lemma supporting_cone_opposite:
  assumes "u \<in> vertices Q"
  shows "(\<lambda>c. c - u) ` supporting_cone Q u
    = (\<lambda>c. opposite u - c) ` supporting_cone Q (opposite u)"
proof -
  define v where "v = opposite u"
  define L where "L x = conic hull ((\<lambda>q. q - x) ` Q)" for x
  obtain a where a: "maximizers Q a = {u}"
    using vertex_exposed[OF polytope assms] .
  have "L u \<subseteq> uminus ` L v"
    unfolding L_def
  proof (rule conic_hull_shift_subset_reflected_cone[OF polytope])
    show "maximizers Q (-a) = {v}"
      using a by (simp add: v_def maximizers_uminus_opposite)
    show "maximizers Q c = {u}" if "maximizers Q (-c) = {v}" for c
      using maximizers_uminus_opposite[OF that] opposite_opposite[OF assms] by (simp add: v_def)
  qed
  moreover have "L v \<subseteq> uminus ` L u"
    unfolding L_def
  proof (rule conic_hull_shift_subset_reflected_cone[OF polytope])
    show "maximizers Q (- (-a)) = {u}"
      using a by simp
    show "maximizers Q c = {v}" if "maximizers Q (-c) = {u}" for c
      using maximizers_uminus_opposite[OF that] by (simp add: v_def)
  qed
  then have "uminus ` L v \<subseteq> L u"
    by (auto simp: image_iff)
  ultimately have "L u = uminus ` L v"
    by (rule equalityI)
  then show ?thesis
    by (simp add: shifted_supporting_cone reflected_supporting_cone L_def v_def)
qed

theorem locally_point_symmetric:
  assumes "\<exists>x\<in>Q. \<exists>y\<in>Q. x \<noteq> y"
  shows "locally_point_symmetric Q"
  unfolding locally_point_symmetric_def
proof (intro exI[of _ "(\<lambda>u. {u, opposite u}) ` vertices Q"] conjI ballI)
  show "partition_on (vertices Q) ((\<lambda>u. {u, opposite u}) ` vertices Q)"
    by (rule partition_on_involution_pairs) (simp_all add: opposite_in_vertices opposite_opposite)
next
  fix p assume "p \<in> (\<lambda>u. {u, opposite u}) ` vertices Q"
  then obtain u where u: "u \<in> vertices Q" "p = {u, opposite u}"
    by blast
  moreover have "u \<noteq> opposite u"
    using opposite_neq[OF assms u(1)] by simp
  ultimately show "\<exists>u v. p = {u, v} \<and> u \<noteq> v \<and> strictly_antipodal Q u v \<and>
      (\<lambda>c. c - u) ` supporting_cone Q u = (\<lambda>c. v - c) ` supporting_cone Q v"
    using strictly_antipodal_opposite[OF assms u(1)] supporting_cone_opposite[OF u(1)]
    by (intro exI[of _ u] exI[of _ "opposite u"] conjI)
qed

end

theorem lemma7:
  fixes Q :: "'a::euclidean_space set"
  assumes "polytope Q"
    and "\<exists>x\<in>Q. \<exists>y\<in>Q. x \<noteq> y"
    and "\<not> locally_point_symmetric Q"
  shows "\<exists>v E. v \<in> vertices Q \<and> is_edge Q E \<and>
           (\<forall>e\<in>E. uniquely_formed Q (e - v) \<and> uniquely_formed Q (- (e - v)))"
proof (rule ccontr)
  assume no_witness: "\<not> ?thesis"
  have "Q \<noteq> {}"
    using assms(2) by blast
  have "unique_max_of_unique_min Q"
    using assms(1) uniquely_formed_edge_if_maximizer_not_unique[OF assms(1) \<open>Q \<noteq> {}\<close>] no_witness
    by unfold_locales blast+
  then show False
    using unique_max_of_unique_min.locally_point_symmetric assms(2,3) by blast
qed

end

# # # # # # #

- _Problem to solve_: Show each line of the material holding "then".

- _Result for this exercise_:
  then have "uminus ` L v \<subseteq> L u"
  then show ?thesis
  then obtain u where u: "u \<in> vertices Q" "p = {u, opposite u}"
  then show False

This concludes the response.